The profit drop was due to a “decline in export sales, changes in demographics, a general contraction in the market coupled with an increase in product promotions and general changes in the product portfolio mix”, Almarai said in the bourse filing. Revenues for the period declined 0.8 per cent, it said.
Net profit for the second quarter came in 3.9 per cent below the average 687.3 million riyals estimate of analysts polled by Bloomberg.
A 3.2 per cent year-on-year decrease in gross profit was due to the higher cost of sales – primarily driven by higher alfalfa cost and an increase in labour costs. However, this was partially offset by better cost management, stable commodity costs and enhanced production efficiencies, the statement added.

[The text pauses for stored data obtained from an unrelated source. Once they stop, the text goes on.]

text \<open>Appending \<open>x\<close> to the top word of \<open>(u, v)\<delta>\<close> shifts the top track one place to the
  left if \<open>u\<close> is shorter than \<open>v\<close>, and otherwise adds a column \<open>(x, $)\<close> on the right and
  one more \<open>$\<close> at the left end of the bottom track. The next two maps undo these effects.\<close>

definition shift_top :: "'a pad_letter list \<Rightarrow> 'a pad_letter list" where
  "shift_top n = zip (None # butlast (map fst n)) (map snd n)"

definition drop_corners :: "'a pad_letter list \<Rightarrow> 'a pad_letter list" where
  "drop_corners n = zip (butlast (map fst n)) (tl (map snd n))"

lemma shift_top_deltaL_snoc:
  assumes "length u < length v" shows "shift_top (deltaL (u @ [x]) v) = deltaL u v"
proof -
  obtain k where k: "length v - length u = Suc k" using assms by (metis Suc_diff_Suc)
  then have "length v - Suc (length u) = k" by simp
  then have "map fst (deltaL (u @ [x]) v) = replicate k None @ map Some u @ [Some x]"
    using assms by (simp add: map_fst_deltaL max_def)
  then show ?thesis unfolding shift_top_def
    using assms k
    by (intro pair_list_eqI) (simp_all add: map_fst_deltaL map_snd_deltaL max_def butlast_append)
qed

lemma drop_corners_deltaL_snoc:
  assumes "length v \<le> length u" shows "drop_corners (deltaL (u @ [x]) v) = deltaL u v"
proof -
  have "map fst (deltaL (u @ [x]) v) = map Some u @ [Some x]"
    "map snd (deltaL (u @ [x]) v) = None # replicate (length u - length v) None @ map Some v"
    using assms by (simp_all add: map_fst_deltaL map_snd_deltaL max_def Suc_diff_le)
  then show ?thesis unfolding drop_corners_def
    using assms by (intro pair_list_eqI) (simp_all add: map_fst_deltaL map_snd_deltaL max_def)
qed

lemma deltaL_snoc_if_shift_top:
  assumes "n \<noteq> []" "fst (last n) = Some x" "shift_top n = deltaL u v"
  shows "n = deltaL (u @ [x]) v"
proof -
  have fst: "map fst (deltaL u v) = None # butlast (map fst n)"
    and snd: "map snd (deltaL u v) = map snd n"
    using assms(1) unfolding assms(3)[symmetric] shift_top_def by simp_all
  have ne: "deltaL u v \<noteq> []" using snd assms(1) by (metis Nil_is_map_conv)
  then have "fst (hd (deltaL u v)) = hd (map fst (deltaL u v))" by (simp add: hd_map)
  then have "fst (hd (deltaL u v)) = None" by (simp add: fst)
  then have lt: "length u < length v" using fst_hd_deltaL_eq_None_iff[OF ne] by simp
  have "map fst n = butlast (map fst n) @ [Some x]"
    using append_butlast_last_id[of "map fst n"] assms(1,2) by (simp add: last_map)
  also have "\<dots> = tl (map fst (deltaL u v)) @ [Some x]" using fst by simp
  also have "\<dots> = map fst (deltaL (u @ [x]) v)"
    using lt by (simp add: map_fst_deltaL max_def Suc_diff_Suc)
  finally show ?thesis
    using snd lt by (intro pair_list_eqI) (simp_all add: map_snd_deltaL max_def)
qed

lemma deltaL_snoc_if_drop_corners:
  assumes "n \<noteq> []" "fst (last n) = Some x" "snd (hd n) = None" "fst (hd n) \<noteq> None"
    and "drop_corners n = deltaL u v"
  shows "n = deltaL (u @ [x]) v"
proof -
  have fst: "map fst (deltaL u v) = butlast (map fst n)"
    and snd: "map snd (deltaL u v) = tl (map snd n)"
    unfolding assms(5)[symmetric] drop_corners_def by simp_all
  have le: "length v \<le> length u"
  proof (cases "deltaL u v = []")
    case False
    then have ne: "butlast (map fst n) \<noteq> []" using fst by (metis Nil_is_map_conv)
    have "fst (hd (deltaL u v)) = hd (butlast (map fst n))" using hd_map[OF False, of fst] fst by simp
    also have "\<dots> = hd (map fst n)" using ne by (cases "map fst n") auto
    also have "\<dots> = fst (hd n)" using assms(1) by (simp add: hd_map)
    finally show ?thesis using assms(4) fst_hd_deltaL_eq_None_iff[OF False] by auto
  qed (use length_deltaL[of u v] in \<open>simp add: max_def split: if_splits\<close>)
  have "map fst n = butlast (map fst n) @ [Some x]"
    using append_butlast_last_id[of "map fst n"] assms(1,2) by (simp add: last_map)
  also have "\<dots> = map fst (deltaL (u @ [x]) v)"
    using fst le by (simp add: map_fst_deltaL max_def)
  finally show ?thesis
  proof (rule pair_list_eqI)
    have "map snd n = None # tl (map snd n)" using assms(1,3) by (cases n) auto
    then show "map snd n = map snd (deltaL (u @ [x]) v)"
      using snd le by (simp add: map_snd_deltaL max_def Suc_diff_le)
  qed
qed

definition convolutions :: "'a set \<Rightarrow> 'a pad_letter list set" where
  "convolutions A = {deltaL u v | u v. u \<in> lists A \<and> v \<in> lists A}"

definition append_top :: "'a list \<Rightarrow> 'a pad_letter list set \<Rightarrow> 'a pad_letter list set" where
  "append_top a M = {deltaL (u @ a) v | u v. deltaL u v \<in> M}"
lemma finite_subfield_has_root_of_unity:
  fixes K :: "'a::field set"
  assumes K: "subfield K type_ring" "finite K" and "d dvd card K - 1"
  shows "\<exists>z\<in>K. \<forall>j. z ^ j = 1 \<longleftrightarrow> d dvd j"
proof -
  define F where "F = (type_ring :: 'a ring)\<lparr>carrier := K\<rparr>"
  interpret F: field F
    unfolding F_def by (rule ring.subfield_iff(2)[OF ring_from_type_algebra K(1)])
  interpret G: group "Multiplicative_Group.mult_of F" by (rule F.field_mult_group)
  have carrier_F: "carrier F = K" "\<zero>\<^bsub>F\<^esub> = 0" by (simp_all add: F_def ring_of_type_algebra_def)
  then have carrier_G: "carrier (Multiplicative_Group.mult_of F) = K - {0}" by simp
  have "finite (carrier F)" using K(2) by (simp add: carrier_F)
  then obtain a where a: "a \<in> carrier (Multiplicative_Group.mult_of F)"
    and gen: "carrier (Multiplicative_Group.mult_of F) = {a [^]\<^bsub>F\<^esub> i | i::nat. i \<in> UNIV}"
    using F.finite_field_mult_group_has_gen by blast
  have finite_G: "finite (carrier (Multiplicative_Group.mult_of F))"
    using \<open>finite (carrier F)\<close> by simp
  have "G.ord a \<noteq> 0" using G.ord_ge_1[OF finite_G a] by simp
  have "generate (Multiplicative_Group.mult_of F) {a} = carrier (Multiplicative_Group.mult_of F)"
    using G.generate_pow_nat[OF a \<open>G.ord a \<noteq> 0\<close>] gen unfolding Multiplicative_Group.nat_pow_mult_of by (simp only:)
  then have "G.ord a = card (carrier (Multiplicative_Group.mult_of F))"
    using G.generate_pow_card[OF a] by (simp only:)
  also have "\<dots> = card K - 1"
    unfolding carrier_G using K(2) subringE(2)[OF subfieldE(1)[OF K(1)]] by simp
  finally obtain e where e: "G.ord a = d * e" using assms(3) by (auto elim: dvdE)
  (* the generator a has order card K - 1 = d e, hence a^e has order d *)
  have pow_G: "x [^]\<^bsub>Multiplicative_Group.mult_of F\<^esub> (n::nat) = x ^ n" for x n
    unfolding Multiplicative_Group.nat_pow_mult_of F_def by simp
  have one_G: "\<one>\<^bsub>Multiplicative_Group.mult_of F\<^esub> = 1"
    by (simp add: F_def ring_of_type_algebra_def)
  define z where "z = a ^ e"
  have z: "z \<in> carrier (Multiplicative_Group.mult_of F)"
    unfolding z_def pow_G[symmetric] using a by (rule G.nat_pow_closed)
  have "e \<noteq> 0" using e \<open>G.ord a \<noteq> 0\<close> by auto
  then have "G.ord z = d"
    unfolding z_def pow_G[symmetric] using G.ord_pow[OF a, of e] e by simp
  then have "z ^ j = 1 \<longleftrightarrow> d dvd j" for j
    using G.pow_eq_id[OF z, of j] by (simp only: pow_G one_G)
  moreover have "z \<in> K" using z by (simp add: carrier_F)
  ultimately show ?thesis by blast
qed

lemma exists_primitive_root_of_unity_Suc_char:
  assumes "prime p" "CHAR('a::alg_closed_field) = p"
  shows "\<exists>z::'a. \<forall>j. z ^ j = 1 \<longleftrightarrow> p + 1 dvd j"
proof -
  define K :: "'a set" where "K = finite_subfield (p ^ 2)"
  have char: "prime CHAR('a)" "p ^ 2 = CHAR('a) ^ 2" using assms by simp_all
  have "card K = p ^ 2" unfolding K_def by (rule card_finite_subfield[OF char]) simp
  then have "finite K" using prime_gt_0_nat[OF assms(1)] by (intro card_ge_0_finite) simp
  have "card K - 1 = (p + 1) * (p - 1)"
    using square_eq_Suc_mult_pred[OF prime_gt_0_nat[OF assms(1)]] \<open>card K = p ^ 2\<close> by simp
  then have "p + 1 dvd card K - 1" by (simp only: dvd_triv_left)
  then show ?thesis
    using finite_subfield_has_root_of_unity[OF _ \<open>finite K\<close>] subfield_finite_subfield[OF char]
    unfolding K_def by blast
qed

definition power_span :: "'a::field set \<Rightarrow> 'a \<Rightarrow> nat \<Rightarrow> 'a set" where
  "power_span K s n = {\<Sum>i<n. c i * s ^ i | c. \<forall>i. c i \<in> K}"

lemma power_span_0: "0 \<in> K \<Longrightarrow> power_span K s 0 = {0}"
  unfolding power_span_def by auto

lemma power_span_Suc:
  "power_span K s (Suc n) = ring.line_extension type_ring K (s ^ n) (power_span K s n)"
proof -
  interpret ring "type_ring :: 'a ring" by (rule ring_from_type_algebra)
  have "x \<in> line_extension K (s ^ n) (power_span K s n)" if x: "x \<in> power_span K s (Suc n)" for x
  proof -
    obtain c where c: "\<forall>i. c i \<in> K" "x = (\<Sum>i<Suc n. c i * s ^ i)"
      using x unfolding power_span_def by blast
    then have "x = c n * s ^ n + (\<Sum>i<n. c i * s ^ i)" by (simp add: add.commute)
    moreover have "(\<Sum>i<n. c i * s ^ i) \<in> power_span K s n"
      unfolding power_span_def using c(1) by blast
    ultimately show ?thesis unfolding line_extension_mem_iff using c(1) by auto
  qed
  moreover have "x \<in> power_span K s (Suc n)" if x: "x \<in> line_extension K (s ^ n) (power_span K s n)" for x
  proof -
    obtain k c where "k \<in> K" "\<forall>i. c i \<in> K" and x: "x = k * s ^ n + (\<Sum>i<n. c i * s ^ i)"
      using x unfolding line_extension_mem_iff power_span_def by auto
    have "(\<Sum>i<n. (c(n := k)) i * s ^ i) = (\<Sum>i<n. c i * s ^ i)" by (intro sum.cong) auto
    then have "x = (\<Sum>i<Suc n. (c(n := k)) i * s ^ i)" by (simp add: x add.commute)
    moreover have "\<forall>i. (c(n := k)) i \<in> K" using \<open>k \<in> K\<close> \<open>\<forall>i. c i \<in> K\<close> by simp
    ultimately show ?thesis unfolding power_span_def by blast
  qed
  ultimately show ?thesis by blast
qed

lemma dimension_power_span:
  assumes "0 \<in> K" "\<And>m. m < n \<Longrightarrow> s ^ m \<notin> power_span K s m"
  shows "ring.dimension type_ring n K (power_span K s n)"
  using assms(2)
proof (induction n)
  interpret ring "type_ring :: 'a ring" by (rule ring_from_type_algebra)
  case 0
  show ?case using zero_dim[of K] power_span_0[OF assms(1)] by simp
next
  interpret ring "type_ring :: 'a ring" by (rule ring_from_type_algebra)
  case (Suc n)
  show ?case unfolding power_span_Suc by (rule Suc_dim) (use Suc in auto)
qed

lemma simple_extension_eq_power_span:
  fixes s :: "'a::field"
  assumes K: "subfield K type_ring" and "s ^ Suc n \<in> K"
  shows "ring.simple_extension type_ring K s = power_span K s (Suc n)"
proof -
  interpret field "type_ring :: 'a ring" by (rule field_from_type_algebra)
  note K_closed = subringE[OF subfieldE(1)[OF K], simplified]
  have "x \<in> power_span K s (Suc n)" if "x \<in> simple_extension K s" for x
    using that
  proof induction
    case zero
    have "(\<Sum>i<Suc n. 0 * s ^ i) = 0" by simp
    then show ?case using K_closed(2) unfolding power_span_def by force
  next
    case (lin x k)
    then obtain c where c: "\<forall>i. c i \<in> K" "x = (\<Sum>i<Suc n. c i * s ^ i)"
      unfolding power_span_def by blast
    define d where "d i = (if i = 0 then c n * s ^ Suc n + k else c (i - 1))" for i
    have "x * s + k = (\<Sum>i<n. c i * s ^ Suc i) + (c n * s ^ Suc n + k)"
      by (simp add: c(2) sum_distrib_left algebra_simps)
    also have "\<dots> = (\<Sum>i<Suc n. d i * s ^ i)"
      by (simp add: sum.lessThan_Suc_shift d_def add.commute del: sum.lessThan_Suc)
    finally have "x * s + k = (\<Sum>i<Suc n. d i * s ^ i)" .
    moreover have "\<forall>i. d i \<in> K" using c(1) lin.hyps(2) assms(2) K_closed by (simp add: d_def)
    ultimately show ?case unfolding power_span_def by auto
  qed
  moreover have "power_span K s (Suc n) \<subseteq> simple_extension K s"
  proof -
    define E where "E = simple_extension K s"
    have E: "subring E type_ring" "K \<subseteq> E" "s \<in> E"
      using simple_extension_is_subring simple_extension_incl simple_extension_mem subfieldE(1)[OF K]
      by (auto simp: E_def)
    note E_closed = subringE[OF E(1), simplified]
    have "s ^ i \<in> E" for i by (induction i) (use E E_closed in auto)
    then have "(\<Sum>i<m. c i * s ^ i) \<in> E" if "\<forall>i. c i \<in> K" for c m
      using that E(2) by (induction m) (auto intro!: E_closed)
    then show ?thesis unfolding power_span_def E_def by blast
  qed
  ultimately show ?thesis by blast
qed

lemma power_not_in_power_span:
  fixes s z :: "'a::field"
  assumes char: "prime CHAR('a)" "Q = CHAR('a) ^ r" and K: "K \<subseteq> finite_subfield Q"
    and "z ^ Q = z" "s ^ Q = z * s" and inj: "inj_on (\<lambda>j. z ^ j * s) {..n}"
  shows "s ^ n \<notin> power_span K s n"
proof
  (* The Frobenius x \<mapsto> x^(Q^j) fixes the c i, so applied to s^n = (\<Sum>i<n. c i * s^i) it shows
     that the n + 1 conjugates z^j s with j \<le> n are roots of the monic polynomial X^n - \<Sum> c i X^i. *)
  assume "s ^ n \<in> power_span K s n"
  then obtain c where c: "\<forall>i. c i \<in> K" and s_n: "s ^ n = (\<Sum>i<n. c i * s ^ i)"
    unfolding power_span_def by blast
  have c_fixed: "c i ^ (Q ^ j) = c i" for i j
  proof (induction j)
    case (Suc j)
    have "c i ^ Q = c i" using c K by (auto simp: finite_subfield_def)
    then show ?case using Suc by (simp add: power_mult mult.commute)
  qed simp
  have s_conj: "s ^ (Q ^ j) = z ^ j * s" for j
  proof (induction j)
    case (Suc j)
    have "s ^ (Q ^ Suc j) = (s ^ (Q ^ j)) ^ Q" by (simp add: power_mult[symmetric] mult.commute)
    also have "\<dots> = (z ^ j * s) ^ Q" by (simp only: Suc)
    also have "\<dots> = (z ^ Q) ^ j * s ^ Q"
      by (simp add: power_mult_distrib power_mult[symmetric] mult.commute)
    also have "\<dots> = z ^ Suc j * s" using assms(4,5) by (simp add: mult_ac)
    finally show ?case .
  qed simp
  define f :: "'a poly" where "f = monom 1 n - (\<Sum>i<n. monom (c i) i)"
  have "coeff f n = 1" by (simp add: f_def coeff_sum)
  then have "f \<noteq> 0" by auto
  have "degree f \<le> n" unfolding f_def
    by (intro degree_diff_le degree_monom_le degree_sum_le) (auto intro: order.trans[OF degree_monom_le])
  have "poly f (z ^ j * s) = 0" for j
  proof -
    have "(s ^ (Q ^ j)) ^ n = (\<Sum>i<n. c i * s ^ i) ^ (Q ^ j)"
      by (simp add: s_n[symmetric] power_mult[symmetric] mult.commute)
    also have "\<dots> = (\<Sum>i<n. (c i * s ^ i) ^ (Q ^ j))"
      by (rule freshmans_dream_sum'[OF char(1), of _ "r * j"]) (simp add: char(2) power_mult)
    also have "\<dots> = (\<Sum>i<n. c i ^ (Q ^ j) * (s ^ (Q ^ j)) ^ i)"
      by (simp add: power_mult_distrib power_mult[symmetric] mult.commute)
    finally show ?thesis by (simp add: f_def poly_sum poly_monom s_conj c_fixed)
  qed
  then have "(\<lambda>j. z ^ j * s) ` {..n} \<subseteq> {x. poly f x = 0}" by auto
  then have "card ((\<lambda>j. z ^ j * s) ` {..n}) \<le> degree f"
    using card_mono[OF poly_roots_finite[OF \<open>f \<noteq> 0\<close>]] card_poly_roots_bound[OF \<open>f \<noteq> 0\<close>]
    by (meson order.trans)
  then show False using card_image[OF inj] \<open>degree f \<le> n\<close> by simp
qed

Almarai said profit for its dairy and juice category slumped by 8.1 per cent year-on-year over “due to adverse market conditions” as well as a reduction in export sales and widespread discounting, especially in long-life products.
The GCC market overall remains challenging with negative consumer trends continuing throughout the course of 2018, the company said. Challenges include structural economic changes driving higher costs in energy and transportation, a shift in the retail landscape leading to the closure of more than 3,000 shops, the introduction of VAT, implementation of the expatriate levy, and lower export sales combined with a general slowdown in the GCC markets.
Overall for the remaining part of the year, the company anticipates the same underlying trends to continue within core categories.
The dairy segment of the company has already slowed down on the back of lower consumer spending following VAT implementation from January, a tough macroeconomic environment and intense competition in the food and beverages sector in the kingdom.
This year, Almarai increased the price of various categories of its milk products by 5 to 9 per cent, citing higher energy, fuel, fodder and labour costs as the reason for the rise.
Last week, Saudi lender Al Rajhi Capital said the price hike could boost the dairy producer’s profitability, but it is unlikely to materially impact the stock valuations of the company.
“While we consider the dairy price hike to be positive, we don’t see a material impact on our valuation [for Almarai stocks], considering the possible decline in volumes amid higher prices,” Al Rajhi Capital said in a research note last week.
“Our calculations indicate that the price rise could improve bottom-line provided the volumes remain broadly unchanged.”
However, Al Rajhi’s report said the market share of the company will remain firm due to Almarai’s brand name.
“The discretionary income in the hands of Saudi population is expected to grow over the period as Saudisation gains momentum”, it said.